Print each entry word for word.

(Supplied material Opens)

lemma weak_compositions_Suc:
  "weak_compositions (Suc n) t = (\<lambda>(a, \<beta>). a # \<beta>) ` (SIGMA a:{0..t}. weak_compositions n (t - a))"
proof safe
  fix \<alpha> assume "\<alpha> \<in> weak_compositions (Suc n) t"
  then obtain a \<beta> where "\<alpha> = a # \<beta>" "length \<beta> = n" "a + sum_list \<beta> = t"
    by (cases \<alpha>) (auto simp: weak_compositions_def)
  then show "\<alpha> \<in> (\<lambda>(a, \<beta>). a # \<beta>) ` (SIGMA a:{0..t}. weak_compositions n (t - a))"
    by (auto simp: weak_compositions_def image_iff)
qed (auto simp: weak_compositions_def)

lemma coeff_prod_geom_fps:
  "(\<Prod>x\<leftarrow>xs. geom_fps d x) $ t =
     (\<Sum>\<alpha>\<in>weak_compositions (length xs) t. d ^ size (partition_of \<alpha>) * list_monomial xs \<alpha>)"
proof (induction xs arbitrary: t)
  case Nil
  have "weak_compositions 0 t = (if t = 0 then {[]} else {})"
    by (auto simp: weak_compositions_def)
  then show ?case by (simp add: list_monomial_def)
next
  case (Cons x xs)
  define f where "f \<alpha> = d ^ size (partition_of \<alpha>) * list_monomial (x # xs) \<alpha>" for \<alpha>
  have "(\<Prod>x\<leftarrow>x # xs. geom_fps d x) $ t =
      (\<Sum>a=0..t. \<Sum>\<beta>\<in>weak_compositions (length xs) (t - a). f (a # \<beta>))"
    unfolding fps_mult_nth prod_list.Cons list.map Cons.IH sum_distrib_left
    by (intro sum.cong refl) (simp add: f_def)
  also have "\<dots> = (\<Sum>(a, \<beta>)\<in>(SIGMA a:{0..t}. weak_compositions (length xs) (t - a)). f (a # \<beta>))"
    by (rule sum.Sigma) (auto simp: finite_weak_compositions)
  also have "\<dots> = sum f (weak_compositions (length (x # xs)) t)"
    by (simp add: weak_compositions_Suc sum.reindex inj_on_def case_prod_beta')
  finally show ?case by (simp add: f_def)
qed
(* Let $L$ be an admissible multigraph. Then every vertex of $L$ has odd degree, and this degree is greater than one.
   Context: Multigraphs may have multiple edges and loops. A trail is a sequence $v_0,e_1,v_1,\ldots,e_k,v_k$ with $e_i$ an edge joining $v_{i-1}$ and $v_i$ and no edge repeated; its length is $k$. A trail spans $L$ if every vertex of $L$ lies on it. $t(L)$ denotes the length of a longest trail in $L$. A multigraph $L$ is admissible if (A-1) $t(L)<|E(L)|$, and (A-2) for each vertex $v\in V(L)$ and each edge $e$ incident with $v$, there is a trail of length $t(L)$ beginning $v,e,\ldots$ which spans $L$. *)

theory Defs
  imports Main
begin

text \<open>A finite multigraph (multiple edges and loops allowed) is given by a vertex set V,
an edge set E and a map ends assigning to each edge its two (unordered) endpoints,
given as a pair; a loop has equal endpoints.\<close>

definition multigraph :: "'v set \<Rightarrow> 'e set \<Rightarrow> ('e \<Rightarrow> 'v \<times> 'v) \<Rightarrow> bool" where
  "multigraph V E ends \<longleftrightarrow> finite V \<and> finite E \<and>
     (\<forall>e\<in>E. fst (ends e) \<in> V \<and> snd (ends e) \<in> V)"

definition joins :: "('e \<Rightarrow> 'v \<times> 'v) \<Rightarrow> 'e \<Rightarrow> 'v \<Rightarrow> 'v \<Rightarrow> bool" where
  "joins ends e u w \<longleftrightarrow> ends e = (u, w) \<or> ends e = (w, u)"

definition incident :: "('e \<Rightarrow> 'v \<times> 'v) \<Rightarrow> 'e \<Rightarrow> 'v \<Rightarrow> bool" where
  "incident ends e v \<longleftrightarrow> fst (ends e) = v \<or> snd (ends e) = v"

text \<open>Degree: loops count twice.\<close>
definition degree :: "'e set \<Rightarrow> ('e \<Rightarrow> 'v \<times> 'v) \<Rightarrow> 'v \<Rightarrow> nat" where
  "degree E ends v = card {e\<in>E. fst (ends e) = v} + card {e\<in>E. snd (ends e) = v}"

definition trail :: "'v set \<Rightarrow> 'e set \<Rightarrow> ('e \<Rightarrow> 'v \<times> 'v) \<Rightarrow> 'v list \<Rightarrow> 'e list \<Rightarrow> bool" where
  "trail V E ends vs es \<longleftrightarrow> length vs = Suc (length es) \<and> set vs \<subseteq> V \<and>
     set es \<subseteq> E \<and> distinct es \<and>
     (\<forall>i<length es. joins ends (es ! i) (vs ! i) (vs ! Suc i))"

definition spans :: "'v set \<Rightarrow> 'v list \<Rightarrow> bool" where
  "spans V vs \<longleftrightarrow> V \<subseteq> set vs"

definition longest_trail :: "'v set \<Rightarrow> 'e set \<Rightarrow> ('e \<Rightarrow> 'v \<times> 'v) \<Rightarrow> nat" where
  "longest_trail V E ends = Max {length es | vs es. trail V E ends vs es}"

(Supplied material Closes)

■ **Solution to this task**
lemma weak_compositions_Suc:
  "weak_compositions (Suc n) t = (\<lambda>(a, \<beta>). a # \<beta>) ` (SIGMA a:{0..t}. weak_compositions n (t - a))"
proof safe
  fix \<alpha> assume "\<alpha> \<in> weak_compositions (Suc n) t"
  then obtain a \<beta> where "\<alpha> = a # \<beta>" "length \<beta> = n" "a + sum_list \<beta> = t"
    by (cases \<alpha>) (auto simp: weak_compositions_def)
  then show "\<alpha> \<in> (\<lambda>(a, \<beta>). a # \<beta>) ` (SIGMA a:{0..t}. weak_compositions n (t - a))"
    by (auto simp: weak_compositions_def image_iff)
qed (auto simp: weak_compositions_def)

lemma coeff_prod_geom_fps:
  "(\<Prod>x\<leftarrow>xs. geom_fps d x) $ t =
     (\<Sum>\<alpha>\<in>weak_compositions (length xs) t. d ^ size (partition_of \<alpha>) * list_monomial xs \<alpha>)"
proof (induction xs arbitrary: t)
  case Nil
  have "weak_compositions 0 t = (if t = 0 then {[]} else {})"
    by (auto simp: weak_compositions_def)
  then show ?case by (simp add: list_monomial_def)
next
  case (Cons x xs)
  define f where "f \<alpha> = d ^ size (partition_of \<alpha>) * list_monomial (x # xs) \<alpha>" for \<alpha>
  have "(\<Prod>x\<leftarrow>x # xs. geom_fps d x) $ t =
      (\<Sum>a=0..t. \<Sum>\<beta>\<in>weak_compositions (length xs) (t - a). f (a # \<beta>))"
    unfolding fps_mult_nth prod_list.Cons list.map Cons.IH sum_distrib_left
    by (intro sum.cong refl) (simp add: f_def)
  also have "\<dots> = (\<Sum>(a, \<beta>)\<in>(SIGMA a:{0..t}. weak_compositions (length xs) (t - a)). f (a # \<beta>))"
    by (rule sum.Sigma) (auto simp: finite_weak_compositions)
  also have "\<dots> = sum f (weak_compositions (length (x # xs)) t)"
    by (simp add: weak_compositions_Suc sum.reindex inj_on_def case_prod_beta')
  finally show ?case by (simp add: f_def)
qed
(* Let $L$ be an admissible multigraph. Then every vertex of $L$ has odd degree, and this degree is greater than one.
   Context: Multigraphs may have multiple edges and loops. A trail is a sequence $v_0,e_1,v_1,\ldots,e_k,v_k$ with $e_i$ an edge joining $v_{i-1}$ and $v_i$ and no edge repeated; its length is $k$. A trail spans $L$ if every vertex of $L$ lies on it. $t(L)$ denotes the length of a longest trail in $L$. A multigraph $L$ is admissible if (A-1) $t(L)<|E(L)|$, and (A-2) for each vertex $v\in V(L)$ and each edge $e$ incident with $v$, there is a trail of length $t(L)$ beginning $v,e,\ldots$ which spans $L$. *)

theory Defs
  imports Main
begin

text \<open>A finite multigraph (multiple edges and loops allowed) is given by a vertex set V,
an edge set E and a map ends assigning to each edge its two (unordered) endpoints,
given as a pair; a loop has equal endpoints.\<close>

definition multigraph :: "'v set \<Rightarrow> 'e set \<Rightarrow> ('e \<Rightarrow> 'v \<times> 'v) \<Rightarrow> bool" where
  "multigraph V E ends \<longleftrightarrow> finite V \<and> finite E \<and>
     (\<forall>e\<in>E. fst (ends e) \<in> V \<and> snd (ends e) \<in> V)"

definition joins :: "('e \<Rightarrow> 'v \<times> 'v) \<Rightarrow> 'e \<Rightarrow> 'v \<Rightarrow> 'v \<Rightarrow> bool" where
  "joins ends e u w \<longleftrightarrow> ends e = (u, w) \<or> ends e = (w, u)"

definition incident :: "('e \<Rightarrow> 'v \<times> 'v) \<Rightarrow> 'e \<Rightarrow> 'v \<Rightarrow> bool" where
  "incident ends e v \<longleftrightarrow> fst (ends e) = v \<or> snd (ends e) = v"

text \<open>Degree: loops count twice.\<close>
definition degree :: "'e set \<Rightarrow> ('e \<Rightarrow> 'v \<times> 'v) \<Rightarrow> 'v \<Rightarrow> nat" where
  "degree E ends v = card {e\<in>E. fst (ends e) = v} + card {e\<in>E. snd (ends e) = v}"

definition trail :: "'v set \<Rightarrow> 'e set \<Rightarrow> ('e \<Rightarrow> 'v \<times> 'v) \<Rightarrow> 'v list \<Rightarrow> 'e list \<Rightarrow> bool" where
  "trail V E ends vs es \<longleftrightarrow> length vs = Suc (length es) \<and> set vs \<subseteq> V \<and>
     set es \<subseteq> E \<and> distinct es \<and>
     (\<forall>i<length es. joins ends (es ! i) (vs ! i) (vs ! Suc i))"

definition spans :: "'v set \<Rightarrow> 'v list \<Rightarrow> bool" where
  "spans V vs \<longleftrightarrow> V \<subseteq> set vs"

definition longest_trail :: "'v set \<Rightarrow> 'e set \<Rightarrow> ('e \<Rightarrow> 'v \<times> 'v) \<Rightarrow> nat" where
  "longest_trail V E ends = Max {length es | vs es. trail V E ends vs es}"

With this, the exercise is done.